Exercise requirements: Both the line with "text \<open>V = F^m" and the line with "(\<chi> i j." in the records below must appear in the output, along with every line between them, exactly and with nothing added.

(Items listed in a dataset)

(* Let $G$ be a finite simple graph with edge weight function $w$ and vertex weight function $w_1$, let $\theta$ be a real number and let $u\in V(G)$. If $u$ is $(\theta,w,w_1)$-special, then $u$ is $(\theta,w,w_1)$-positive.
   Context: An edge weight function $w$ assigns a nonzero complex number to each edge; a vertex weight function $w_1$ assigns a real number (possibly $0$) to each vertex; subgraphs carry restricted weights; $G\setminus u$ deletes $u$ and its incident edges. For $A\subseteq E(G)$, $w(A)=\prod_{e\in A}w(e)$. $\mu_w(G,x)=\sum_{M}(-1)^{|M|}|w(M)|^2x^{n-2|M|}$ over all matchings $M$ (including empty). $\eta_{(w,w_1)}(G,x)=\sum_{S\subseteq V(G)}(-1)^{|V(G)\setminus S|}\big(\prod_{y\in V(G)\setminus S}w_1(y)\big)\mu_w(G[S],x)$ with $G[S]$ the induced subgraph; $\mu_w,\eta_{(w,w_1)}$ of the empty graph equal $1$. $\mathrm{mult}(\theta,H)$ is the multiplicity of $\theta$ as a root of $\eta_{(w,w_1)}(H,x)$ ($0$ if not a root). A vertex $v$ of $H$ is $(\theta,w,w_1)$-essential if $\mathrm{mult}(\theta,H\setminus v)=\mathrm{mult}(\theta,H)-1$ and $(\theta,w,w_1)$-positive if $\mathrm{mult}(\theta,H\setminus v)=\mathrm{mult}(\theta,H)+1$; $v$ is $(\theta,w,w_1)$-special if it is not essential but is adjacent to some essential vertex. *)

theory Defs
  imports Complex_Main "HOL-Computational_Algebra.Polynomial"
begin
(* Let $q$ be a prime power, $m>4$, $V=\mathbb F_q^m$ with a fixed ordered basis, and $\mu=m-1$. There exists a $(\mu+1)$-dimensional subspace of $\bigwedge^2V$ containing exactly $(q^{\mu}-1)+q^2(q-1)$ decomposable vectors, and the remaining $(q^{\mu}-q^2)(q-1)$ nonzero elements of this subspace are of rank $4$.
   Context: A nonzero $\omega\in\bigwedge^2V$ is decomposable if $\omega=u\wedge v$ for some $u,v\in V$. With respect to the fixed basis $e_1,\dots,e_m$, let $\sigma:\bigwedge^2V\to\{m\times m\text{ skew-symmetric matrices}\}$ be the linear isomorphism with $\sigma(e_r\wedge e_s)=\mathbf e_r\mathbf e_s^t-\mathbf e_s\mathbf e_r^t$ ($r<s$, $\mathbf e_i$ standard column vectors); the rank of $\omega\in\bigwedge^2V$ is the rank of the matrix $\sigma(\omega)$. *)

theory Defs
  imports "HOL-Analysis.Analysis"
begin

text \<open>V = F^m is modelled as 'a^'n with CARD('n) = m; the fixed ordered basis e_1..e_m
  is indexed by the linearly ordered finite type 'n.  The exterior square \<And>^2 V is modelled
  by its coordinates w.r.t. the basis e_r \<and> e_s (r < s): vectors in 'a^('n \<times> 'n) whose
  coordinates at pairs (r,s) with \<not> r < s vanish.\<close>

definition wedge2 :: "(('a::field) ^ (('n::{finite,linorder}) \<times> ('n::{finite,linorder}))) set" where
  "wedge2 = {w. \<forall>r s. \<not> r < s \<longrightarrow> w $ (r, s) = 0}"

definition wedge :: "('a::field) ^ ('n::{finite,linorder}) \<Rightarrow> ('a::field) ^ ('n::{finite,linorder}) \<Rightarrow> ('a::field) ^ (('n::{finite,linorder}) \<times> ('n::{finite,linorder}))" where
  "wedge u v = (\<chi> p. if fst p < snd p
       then u $ fst p * v $ snd p - u $ snd p * v $ fst p else 0)"

definition decomposable :: "('a::field) ^ (('n::{finite,linorder}) \<times> ('n::{finite,linorder})) \<Rightarrow> bool" where
  "decomposable w \<longleftrightarrow> w \<noteq> 0 \<and> (\<exists>u v. w = wedge u v)"

definition sigma :: "('a::field) ^ (('n::{finite,linorder}) \<times> ('n::{finite,linorder})) \<Rightarrow> ('a::field) ^ ('n::{finite,linorder}) ^ ('n::{finite,linorder})" where
  "sigma w = (\<chi> i j. if i < j then w $ (i, j) else if j < i then - w $ (j, i) else 0)"
(* Let $\mathcal{F}\subset K[x_1,\ldots,x_n]$ be a chordal polynomial set with $x_1<\cdots<x_n$ as a perfect elimination ordering. Let $\mathcal{T}_1,\ldots,\mathcal{T}_r$ be the triangular sets computed by Wang's method applied to $\mathcal{F}$, i.e. the sets $\mathcal{P}$ from triples $(\mathcal{P},\mathcal{Q},0)\in\mathcal{N}(\mathcal{F})$ (reached by the algorithm) such that $\mathcal{P}$ contains no nonzero constant. Then $G(\mathcal{T}_j)\subseteq G(\mathcal{F})$ for $j=1,\ldots,r$.
   Context: Let $K$ be a field and $K[x_1,\ldots,x_n]$ the polynomial ring, with the variables ordered $x_1<\cdots<x_n$. For a polynomial $F$, $\mathrm{supp}(F)$ is the set of variables effectively appearing in $F$. For a set of polynomials $\mathcal{P}$, $\mathrm{supp}(\mathcal{P})=\bigcup_{F\in\mathcal{P}}\mathrm{supp}(F)$. For a nonconstant $F$, $\mathrm{lv}(F)$ is the greatest variable in $\mathrm{supp}(F)$. For a polynomial set $\mathcal{P}$ and $1\le i\le n$, $\mathcal{P}^{(i)}=\{P\in\mathcal{P}:\mathrm{lv}(P)=x_i\}$; constants belong to no $\mathcal{P}^{(i)}$. The associated graph $G(\mathcal{P})$ is the undirected graph whose vertex set is $\mathrm{supp}(\mathcal{P})$, with an edge between distinct $x_i,x_j$ iff some $F\in\mathcal{P}$ has $x_i,x_j\in\mathrm{supp}(F)$. For graphs, $G\subseteq G'$ means that $G$ is a subgraph of $G'$, i.e. both the vertex set and the edge set are contained. An ordering of the vertices of a graph is a perfect elimination ordering if, for every vertex $v$, the set consisting of $v$ and all neighbours of $v$ smaller than $v$ is a clique. A polynomial set $\mathcal{P}$ is called chordal with $x_1<\cdots<x_n$ as a perfect elimination ordering if the restriction of this ordering to $\mathrm{supp}(\mathcal{P})$ is a perfect elimination ordering of $G(\mathcal{P})$. For a nonconstant polynomial $F$ with $\mathrm{lv}(F)=x_k$, write $F=I x_k^d+R$ with $d=\deg(F,x_k)$, $I\in K[x_1,\ldots,x_{k-1}]$, and $\deg(R,x_k)<d$. Then $\mathrm{ini}(F)=I$ is the initial of $F$ and $\mathrm{tail}(F)=R$ is the tail of $F$. For $\mathrm{lv}(T)=x_i$, $\mathrm{prem}(P,T)$ is the pseudo-remainder of $P$ by $T$ with respect to $x_i$. The zero polynomial has empty support. Wang's decomposition tree: $\mathcal{N}(\mathcal{F})$ is the smallest set of triples $(\mathcal{P},\mathcal{Q},i)$, where $\mathcal{P},\mathcal{Q}$ are polynomial sets and $0\le i\le n$, satisfying the following: - $(\mathcal{F},\emptyset,n)\in\mathcal{N}(\mathcal{F})$. - If $(\mathcal{P},\mathcal{Q},i)\in\mathcal{N}(\mathcal{F})$ with $i\ge1$ and $\#\mathcal{P}^{(i)}>1$, then for every $T\in\mathcal{P}^{(i)}$ of minimal degree in $x_i$ among the elements of $\mathcal{P}^{(i)}$, both of the following triples belong to $\mathcal{N}(\mathcal{F})$: - the left child $\big((\mathcal{P}\setminus\mathcal{P}^{(i)})\cup\{T\}\cup\{\mathrm{prem}(P,T):P\in\mathcal{P}^{(i)}\},\ \mathcal{Q}\cup\{\mathrm{ini}(T)\},\ i\big)$; - the right child $\big((\mathcal{P}\setminus\{T\})\cup\{\mathrm{ini}(T),\mathrm{tail}(T)\},\ \mathcal{Q},\ i\big)$. - If $(\mathcal{P},\mathcal{Q},i)\in\mathcal{N}(\mathcal{F})$ with $i\ge1$ and $\#\mathcal{P}^{(i)}\le1$, then $(\mathcal{P},\mathcal{Q},i-1)\in\mathcal{N}(\mathcal{F})$. Wang's method starts from $(\mathcal{F},\emptyset,n)$ and generates triples of $\mathcal{N}(\mathcal{F})$ according to these rules. It outputs the pairs $(\mathcal{P},\mathcal{Q})$ with $(\mathcal{P},\mathcal{Q},0)$ reached and $\mathcal{P}$ containing no nonzero constant. *)

theory Defs
  imports "HOL-Library.Poly_Mapping" "HOL-Computational_Algebra.Polynomial"
begin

Written solution:
text \<open>V = F^m is modelled as 'a^'n with CARD('n) = m; the fixed ordered basis e_1..e_m
  is indexed by the linearly ordered finite type 'n.  The exterior square \<And>^2 V is modelled
  by its coordinates w.r.t. the basis e_r \<and> e_s (r < s): vectors in 'a^('n \<times> 'n) whose
  coordinates at pairs (r,s) with \<not> r < s vanish.\<close>

definition wedge2 :: "(('a::field) ^ (('n::{finite,linorder}) \<times> ('n::{finite,linorder}))) set" where
  "wedge2 = {w. \<forall>r s. \<not> r < s \<longrightarrow> w $ (r, s) = 0}"

definition wedge :: "('a::field) ^ ('n::{finite,linorder}) \<Rightarrow> ('a::field) ^ ('n::{finite,linorder}) \<Rightarrow> ('a::field) ^ (('n::{finite,linorder}) \<times> ('n::{finite,linorder}))" where
  "wedge u v = (\<chi> p. if fst p < snd p
       then u $ fst p * v $ snd p - u $ snd p * v $ fst p else 0)"

definition decomposable :: "('a::field) ^ (('n::{finite,linorder}) \<times> ('n::{finite,linorder})) \<Rightarrow> bool" where
  "decomposable w \<longleftrightarrow> w \<noteq> 0 \<and> (\<exists>u v. w = wedge u v)"

definition sigma :: "('a::field) ^ (('n::{finite,linorder}) \<times> ('n::{finite,linorder})) \<Rightarrow> ('a::field) ^ ('n::{finite,linorder}) ^ ('n::{finite,linorder})" where
  "sigma w = (\<chi> i j. if i < j then w $ (i, j) else if j < i then - w $ (j, i) else 0)"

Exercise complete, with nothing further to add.